- **Exercise directions**: Using the entries below, write out the line with "(* The support", the line with "A red vertex", and every line in between, exactly as each is written.

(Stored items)
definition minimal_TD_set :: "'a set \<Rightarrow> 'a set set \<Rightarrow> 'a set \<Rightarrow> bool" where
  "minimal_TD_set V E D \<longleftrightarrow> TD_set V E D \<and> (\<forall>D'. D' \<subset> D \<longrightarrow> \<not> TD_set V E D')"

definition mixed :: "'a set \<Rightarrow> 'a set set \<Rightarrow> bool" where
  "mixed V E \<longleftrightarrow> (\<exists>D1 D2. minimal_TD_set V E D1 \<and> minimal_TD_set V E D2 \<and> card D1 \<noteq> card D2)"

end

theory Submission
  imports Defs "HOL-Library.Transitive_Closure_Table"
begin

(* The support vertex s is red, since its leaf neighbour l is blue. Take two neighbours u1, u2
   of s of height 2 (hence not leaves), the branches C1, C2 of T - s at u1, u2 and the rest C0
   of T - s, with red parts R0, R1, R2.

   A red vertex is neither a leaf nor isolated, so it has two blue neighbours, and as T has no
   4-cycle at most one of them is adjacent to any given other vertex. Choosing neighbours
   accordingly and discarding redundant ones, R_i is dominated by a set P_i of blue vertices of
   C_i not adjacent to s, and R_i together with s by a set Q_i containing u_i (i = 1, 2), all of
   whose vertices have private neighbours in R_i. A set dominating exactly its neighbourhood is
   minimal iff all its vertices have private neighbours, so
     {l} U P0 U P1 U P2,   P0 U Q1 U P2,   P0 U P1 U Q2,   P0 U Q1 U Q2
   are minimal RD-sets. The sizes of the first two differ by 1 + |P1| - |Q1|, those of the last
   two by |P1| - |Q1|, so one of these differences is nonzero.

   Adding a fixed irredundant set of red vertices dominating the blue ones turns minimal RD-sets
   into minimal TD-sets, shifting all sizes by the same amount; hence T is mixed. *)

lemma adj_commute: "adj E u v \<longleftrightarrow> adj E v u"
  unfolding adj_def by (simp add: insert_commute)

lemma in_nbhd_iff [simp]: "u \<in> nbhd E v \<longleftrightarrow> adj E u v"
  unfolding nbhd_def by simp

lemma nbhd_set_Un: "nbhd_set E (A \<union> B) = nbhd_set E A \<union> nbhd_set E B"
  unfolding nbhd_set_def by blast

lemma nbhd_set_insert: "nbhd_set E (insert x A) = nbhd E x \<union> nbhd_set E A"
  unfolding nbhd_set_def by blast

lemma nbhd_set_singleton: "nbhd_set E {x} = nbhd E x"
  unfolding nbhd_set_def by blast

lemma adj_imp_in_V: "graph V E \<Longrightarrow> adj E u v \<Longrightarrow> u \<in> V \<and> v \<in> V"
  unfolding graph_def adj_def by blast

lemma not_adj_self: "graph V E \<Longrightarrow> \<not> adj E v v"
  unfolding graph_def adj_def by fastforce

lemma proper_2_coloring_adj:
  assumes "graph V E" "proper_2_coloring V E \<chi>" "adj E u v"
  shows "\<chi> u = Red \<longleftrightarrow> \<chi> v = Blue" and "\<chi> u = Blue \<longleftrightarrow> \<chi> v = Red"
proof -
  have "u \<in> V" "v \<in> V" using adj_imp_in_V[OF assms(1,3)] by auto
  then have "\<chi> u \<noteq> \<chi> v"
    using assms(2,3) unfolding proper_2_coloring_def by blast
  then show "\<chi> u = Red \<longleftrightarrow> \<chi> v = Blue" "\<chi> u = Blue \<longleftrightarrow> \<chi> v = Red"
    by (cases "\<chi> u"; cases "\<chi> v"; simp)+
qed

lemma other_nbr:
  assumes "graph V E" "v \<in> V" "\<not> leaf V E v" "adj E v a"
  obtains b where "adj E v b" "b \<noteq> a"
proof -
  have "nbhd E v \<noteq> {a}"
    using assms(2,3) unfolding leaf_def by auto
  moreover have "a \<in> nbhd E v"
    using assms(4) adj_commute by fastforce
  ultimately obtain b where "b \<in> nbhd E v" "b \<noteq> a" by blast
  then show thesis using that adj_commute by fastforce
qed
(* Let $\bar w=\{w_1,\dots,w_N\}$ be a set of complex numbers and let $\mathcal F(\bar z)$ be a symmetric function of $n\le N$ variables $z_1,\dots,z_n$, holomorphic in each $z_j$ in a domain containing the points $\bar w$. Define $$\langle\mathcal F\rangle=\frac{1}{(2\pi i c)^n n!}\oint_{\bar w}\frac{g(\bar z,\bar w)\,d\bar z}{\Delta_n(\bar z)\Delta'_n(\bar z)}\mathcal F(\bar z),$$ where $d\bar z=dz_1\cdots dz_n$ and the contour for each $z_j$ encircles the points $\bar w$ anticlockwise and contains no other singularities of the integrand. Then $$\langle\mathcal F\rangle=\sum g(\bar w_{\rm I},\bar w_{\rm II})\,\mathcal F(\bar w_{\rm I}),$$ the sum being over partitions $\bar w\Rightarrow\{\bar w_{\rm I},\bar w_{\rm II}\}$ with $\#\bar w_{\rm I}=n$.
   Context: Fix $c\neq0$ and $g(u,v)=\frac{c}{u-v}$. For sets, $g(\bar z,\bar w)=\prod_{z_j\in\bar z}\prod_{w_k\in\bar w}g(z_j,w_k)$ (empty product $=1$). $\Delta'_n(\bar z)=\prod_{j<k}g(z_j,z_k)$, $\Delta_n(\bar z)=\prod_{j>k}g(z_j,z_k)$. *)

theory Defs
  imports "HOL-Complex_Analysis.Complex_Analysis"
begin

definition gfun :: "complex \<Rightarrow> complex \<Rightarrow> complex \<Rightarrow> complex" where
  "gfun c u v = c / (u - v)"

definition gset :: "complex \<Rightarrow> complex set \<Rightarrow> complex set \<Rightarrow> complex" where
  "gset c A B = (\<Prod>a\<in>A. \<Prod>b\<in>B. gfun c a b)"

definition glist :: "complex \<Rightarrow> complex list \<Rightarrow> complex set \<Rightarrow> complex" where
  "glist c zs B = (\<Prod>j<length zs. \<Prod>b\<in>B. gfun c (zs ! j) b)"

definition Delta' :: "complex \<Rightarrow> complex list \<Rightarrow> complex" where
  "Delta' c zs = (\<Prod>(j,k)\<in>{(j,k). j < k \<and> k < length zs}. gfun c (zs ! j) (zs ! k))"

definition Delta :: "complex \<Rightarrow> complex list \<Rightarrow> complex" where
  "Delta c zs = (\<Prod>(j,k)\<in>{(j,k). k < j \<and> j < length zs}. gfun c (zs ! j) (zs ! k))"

- **Response**:
(* The support vertex s is red, since its leaf neighbour l is blue. Take two neighbours u1, u2
   of s of height 2 (hence not leaves), the branches C1, C2 of T - s at u1, u2 and the rest C0
   of T - s, with red parts R0, R1, R2.

   A red vertex is neither a leaf nor isolated, so it has two blue neighbours, and as T has no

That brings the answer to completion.